(* Let $F$, $H$, $X$, $\Omega$, $Q$ and the sequences generated by the IneIREG method be as described in the context. Suppose: $(\eta_k)$ is nonincreasing; $\alpha_0\in[0,1]$ and $(\alpha_k/\eta_k)$ is nonincreasing; $\lambda_k\in[\underline\lambda,\overline\lambda]$ for all $k\ge0$ with $0<\underline\lambda\le\overline\lambda\le1/(L_F+\eta_0L_H)$; and $\sum_{k=0}^\infty\delta_k\eta_k^{-1}<+\infty$. For $k\ge1$ let $\Lambda_k=\sum_{j=0}^{k-1}\lambda_j$ and $\overline y_k=\Lambda_k^{-1}\sum_{j=0}^{k-1}\lambda_jy_j$. Then for all $k\ge1$, $$-B_H\,\mathrm{dist}(\overline y_k,Q)\le\mathrm{Gap}(\overline y_k,H,Q)\le\frac{1}{k\eta_k}\Big(\frac{D_X^2}{2\underline\lambda}\Big)+\frac{\sum_{j=0}^{k-1}\delta_j\eta_j^{-1}}{k}\Big(\frac{1}{2\underline\lambda}\Big).$$
   Context: Work in $\mathbb{R}^n$ with Euclidean inner product $\langle\cdot,\cdot\rangle$ and norm $\|\cdot\|$. The maps $F\colon \mathrm{Dom}\,F\to\mathbb{R}^n$ and $H\colon\mathrm{Dom}\,H\to\mathbb{R}^n$ are monotone and Lipschitz continuous with constants $L_F>0$ and $L_H>0$. $X$ is a nonempty compact convex set and $\Omega$ a nonempty closed convex set with $X\subset\Omega\subset\mathrm{Dom}\,F\cap\mathrm{Dom}\,H$; $P_X,P_\Omega$ denote orthogonal projections. $Q:=\{x\in X:\langle F(x),y-x\rangle\ge0\ \forall y\in X\}$ is assumed nonempty. $D_X:=\sup_{x,y\in X}\|x-y\|$, $B_H:=\sup_{x\in Q}\|H(x)\|$, $\mathrm{dist}(y,Q)$ is the Euclidean distance to $Q$. $\mathrm{Gap}(z,H,Q):=\sup_{x\in Q}\langle H(x),z-x\rangle$. IneIREG method: start with $x_0=x_{-1}\in X$; for $k=0,1,\dots$, with parameters $\alpha_k\ge0$, $\lambda_k>0$, $\eta_k>0$, set $w_k=x_k+\alpha_k(x_k-x_{k-1})$, $w'_k=P_\Omega(w_k)$, $y_k=P_X\big(w_k-\lambda_k(F(w'_k)+\eta_kH(w'_k))\big)$, $x_{k+1}=P_X\big(w_k-\lambda_k(F(y_k)+\eta_kH(y_k))\big)$. Also $\delta_k:=\alpha_k(1+\alpha_k)\|x_k-x_{k-1}\|^2$ for $k\ge0$. *)

theory Defs
  imports "HOL-Analysis.Analysis"
begin

definition monotone_op :: "'a::real_inner set \<Rightarrow> ('a \<Rightarrow> 'a) \<Rightarrow> bool" where
  "monotone_op D F \<longleftrightarrow> (\<forall>x\<in>D. \<forall>y\<in>D. 0 \<le> (F x - F y) \<bullet> (x - y))"

abbreviation proj :: "'a::euclidean_space set \<Rightarrow> 'a \<Rightarrow> 'a" where
  "proj S x \<equiv> closest_point S x"

definition VI_sol :: "('a::real_inner \<Rightarrow> 'a) \<Rightarrow> 'a set \<Rightarrow> 'a set" where
  "VI_sol F X = {x \<in> X. \<forall>y\<in>X. 0 \<le> F x \<bullet> (y - x)}"

definition Gap :: "'a::real_inner \<Rightarrow> ('a \<Rightarrow> 'a) \<Rightarrow> 'a set \<Rightarrow> real" where
  "Gap z H Q = (SUP x\<in>Q. H x \<bullet> (z - x))"

definition bound_on :: "('a::real_normed_vector \<Rightarrow> 'a) \<Rightarrow> 'a set \<Rightarrow> real" where
  "bound_on H Q = (SUP x\<in>Q. norm (H x))"

end

theory Submission
  imports Defs
begin

(*
  For q \<in> Q, one extragradient step with the (L_F + \<eta>_k L_H)-Lipschitz operator F + \<eta>_k H and
  step \<lambda>_k \<le> 1 / (L_F + \<eta>_k L_H) gives
  \<parallel>x_{k+1} - q\<parallel>^2 \<le> \<parallel>w_k - q\<parallel>^2 + 2 \<lambda>_k \<langle>F y_k + \<eta>_k H y_k, q - y_k\<rangle>,
  and monotonicity of F and H together with q \<in> Q bound the inner product by
  -\<eta>_k \<langle>H q, y_k - q\<rangle>. Dividing by \<eta>_k, expanding \<parallel>w_k - q\<parallel>^2 along the inertial
  extrapolation and telescoping with the nondecreasing weights 1/\<eta>_k and the nonincreasing weights
  \<alpha>_k/\<eta>_k (all distances to q being at most D_X) yields
  2 \<Sum>_{j<k} \<lambda>_j \<langle>H q, y_j - q\<rangle> \<le> D_X^2/\<eta>_k + \<Sum>_{j<k} \<delta>_j/\<eta>_j.
  Averaging with the weights \<lambda>_j bounds \<langle>H q, ybar_k - q\<rangle> uniformly in q \<in> Q, which is the
  upper Gap bound; the lower bound is Cauchy-Schwarz.
*)

lemma extragradient_step_inequality:
  fixes G :: "'a::euclidean_space \<Rightarrow> 'a"
  assumes X: "closed X" "convex X" "X \<noteq> {}"
    and \<Omega>: "closed \<Omega>" "convex \<Omega>" "X \<subseteq> \<Omega>"
    and lipG: "L-lipschitz_on \<Omega> G" and lam: "0 \<le> lam" "lam * L \<le> 1"
    and y: "y = closest_point X (w - lam *\<^sub>R G (closest_point \<Omega> w))"
    and z: "z \<in> X"
  shows "(norm (closest_point X (w - lam *\<^sub>R G y) - z))\<^sup>2
           \<le> (norm (w - z))\<^sup>2 + 2 * lam * (G y \<bullet> (z - y))"
proof -
  define w' where "w' = closest_point \<Omega> w"
  define x' where "x' = closest_point X (w - lam *\<^sub>R G y)"
  have "\<Omega> \<noteq> {}" using X(3) \<Omega>(3) by blast
  then have w'\<Omega>: "w' \<in> \<Omega>" unfolding w'_def using \<Omega>(1) by (simp add: closest_point_in_set)
  have yX: "y \<in> X" and x'X: "x' \<in> X"
    unfolding y x'_def using X(1,3) by (auto intro: closest_point_in_set)
  have proj_x': "(w - lam *\<^sub>R G y - x') \<bullet> (z - x') \<le> 0"
    unfolding x'_def using X(2,1) z by (rule closest_point_dot)
  have proj_y: "(w - lam *\<^sub>R G w' - y) \<bullet> (x' - y) \<le> 0"
    unfolding y w'_def using X(2,1) x'X by (rule closest_point_dot)
  have "norm (w' - y) \<le> norm (w - y)"
    using closest_point_lipschitz[OF \<Omega>(2,1) \<open>\<Omega> \<noteq> {}\<close>, of w y] closest_point_self[of y \<Omega>] yX \<Omega>(3)
    unfolding w'_def by (auto simp: dist_norm)
  then have "norm (G w' - G y) \<le> L * norm (w - y)"
    using lipschitz_on_normD[OF lipG w'\<Omega>] yX \<Omega>(3) lipschitz_on_nonneg[OF lipG]
    by (meson order_trans mult_left_mono subsetD)
  then have "lam * ((G w' - G y) \<bullet> (x' - y)) \<le> lam * (L * norm (w - y) * norm (x' - y))"
    using norm_cauchy_schwarz[of "G w' - G y" "x' - y"] lam(1)
    by (meson mult_left_mono mult_right_mono norm_ge_zero order_trans)
  also have "\<dots> \<le> norm (w - y) * norm (x' - y)"
    using mult_right_mono[OF lam(2), of "norm (w - y) * norm (x' - y)"] by (simp add: mult.assoc)
  also have "\<dots> \<le> ((norm (w - y))\<^sup>2 + (norm (x' - y))\<^sup>2) / 2"
    using sum_squares_bound[of "norm (w - y)" "norm (x' - y)"] by (simp add: power2_eq_square)
  finally have lip_term: "2 * lam * ((G w' - G y) \<bullet> (x' - y)) \<le> (norm (w - y))\<^sup>2 + (norm (x' - y))\<^sup>2"
    by simp
  show ?thesis
    using proj_x' proj_y lip_term unfolding x'_def[symmetric]
    by (simp add: power2_norm_eq_inner inner_commute algebra_simps)
qed

lemma power2_norm_extrapolation:
  fixes p q :: "'a::real_inner"
  shows "(norm ((1 + a) *\<^sub>R p - a *\<^sub>R q))\<^sup>2
           = (1 + a) * (norm p)\<^sup>2 - a * (norm q)\<^sup>2 + a * (1 + a) * (norm (p - q))\<^sup>2"
  by (simp add: power2_norm_eq_inner inner_diff_left inner_diff_right inner_commute algebra_simps)

lemma VI_sol_monotone_inner_le:
  assumes monoF: "monotone_op D F" and monoH: "monotone_op D H" and "X \<subseteq> D"
    and q: "q \<in> VI_sol F X" and y: "y \<in> X" and "0 \<le> \<eta>"
  shows "(F y + \<eta> *\<^sub>R H y) \<bullet> (q - y) \<le> - \<eta> * (H q \<bullet> (y - q))"
proof -
  have qD: "q \<in> D" and yD: "y \<in> D" using q y \<open>X \<subseteq> D\<close> unfolding VI_sol_def by auto
  have "F y \<bullet> (q - y) \<le> - (F q \<bullet> (y - q))"
    using monoF qD yD unfolding monotone_op_def by (force simp: inner_diff_left inner_diff_right)
  also have "\<dots> \<le> 0" using q y unfolding VI_sol_def by auto
  finally have F_part: "F y \<bullet> (q - y) \<le> 0" .
  have "H y \<bullet> (q - y) \<le> - (H q \<bullet> (y - q))"
    using monoH qD yD unfolding monotone_op_def by (force simp: inner_diff_left inner_diff_right)
  then have "\<eta> * (H y \<bullet> (q - y)) \<le> - \<eta> * (H q \<bullet> (y - q))"
    using mult_left_mono \<open>0 \<le> \<eta>\<close> by fastforce
  with F_part show ?thesis by (simp add: inner_add_left)
qed

lemma weighted_telescoping_sum_le:
  fixes a b c d s :: "nat \<Rightarrow> real"
  assumes a: "\<And>j. 0 \<le> a j \<and> a j \<le> M"
    and b: "incseq b" "\<And>j. 0 \<le> b j" and c: "decseq c" "\<And>j. 0 \<le> c j" and "c 0 \<le> b 0"
    and s: "\<And>j. s j \<le> (b j + c j) * a j - c j * a (j - 1) - b j * a (Suc j) + d j"
  shows "(\<Sum>j<k. s j) \<le> b k * M + (\<Sum>j<k. d j)"
proof -
  \<comment> \<open>The term (b j - c j) * M absorbs the drift of the weights b and c.\<close>
  define P where "P j = b j * a j - c j * a (j - 1) - (b j - c j) * M" for j
  have P_Suc: "P (Suc j) \<le> b j * a (Suc j) - c j * a j - (b j - c j) * M" for j
  proof -
    have "(b (Suc j) - b j) * (a (Suc j) - M) \<le> 0"
      using b(1) a[of "Suc j"] by (simp add: incseq_Suc_iff mult_nonneg_nonpos)
    moreover have "(c j - c (Suc j)) * (a j - M) \<le> 0"
      using c(1) a[of j] by (simp add: decseq_Suc_iff mult_nonneg_nonpos)
    ultimately show ?thesis unfolding P_def by (simp add: algebra_simps)
  qed
  have "s j \<le> P j - P (Suc j) + d j" for j
    using P_Suc[of j] s[of j] unfolding P_def by (simp add: algebra_simps)
  then have "(\<Sum>j<k. s j) \<le> (\<Sum>j<k. P j - P (Suc j)) + (\<Sum>j<k. d j)"
    by (simp add: sum.distrib[symmetric] sum_mono)
  also have "(\<Sum>j<k. P j - P (Suc j)) = P 0 - P k"
    by (rule sum_lessThan_telescope')
  finally have "(\<Sum>j<k. s j) \<le> P 0 - P k + (\<Sum>j<k. d j)" .
  moreover have "P 0 \<le> 0"
    using mult_nonneg_nonpos[of "b 0 - c 0" "a 0 - M"] a[of 0] \<open>c 0 \<le> b 0\<close>
    by (simp add: P_def algebra_simps)
  moreover have "- P k \<le> b k * M"
  proof -
    have "c k * a (k - 1) \<le> c k * M" using a c(2) by (simp add: mult_left_mono)
    moreover have "0 \<le> b k * a k" using a b(2) by simp
    ultimately show ?thesis unfolding P_def by (simp add: algebra_simps)
  qed
  ultimately show ?thesis by linarith
qed

lemma inner_weighted_mean_diff:
  fixes y :: "nat \<Rightarrow> 'a::real_inner"
  assumes "sum lam A \<noteq> 0"
  shows "v \<bullet> ((1 / sum lam A) *\<^sub>R (\<Sum>j\<in>A. lam j *\<^sub>R y j) - q)
           = (\<Sum>j\<in>A. lam j * (v \<bullet> (y j - q))) / sum lam A"
  using assms
  by (simp add: inner_diff_right inner_sum_right sum_subtractf sum_distrib_right[symmetric]
      right_diff_distrib field_simps)

lemma Gap_leI:
  assumes "Q \<noteq> {}" and "\<And>q. q \<in> Q \<Longrightarrow> H q \<bullet> (z - q) \<le> R"
  shows "Gap z H Q \<le> R"
  unfolding Gap_def using assms by (intro cSUP_least) auto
........
#### [TASK GOAL]
Wherever a line of the records above contains the string "moreover", copy that line out.

#### [SOLVED EXERCISE]
    moreover have "(c j - c (Suc j)) * (a j - M) \<le> 0"
  moreover have "P 0 \<le> 0"
  moreover have "- P k \<le> b k * M"
    moreover have "0 \<le> b k * a k" using a b(2) by simp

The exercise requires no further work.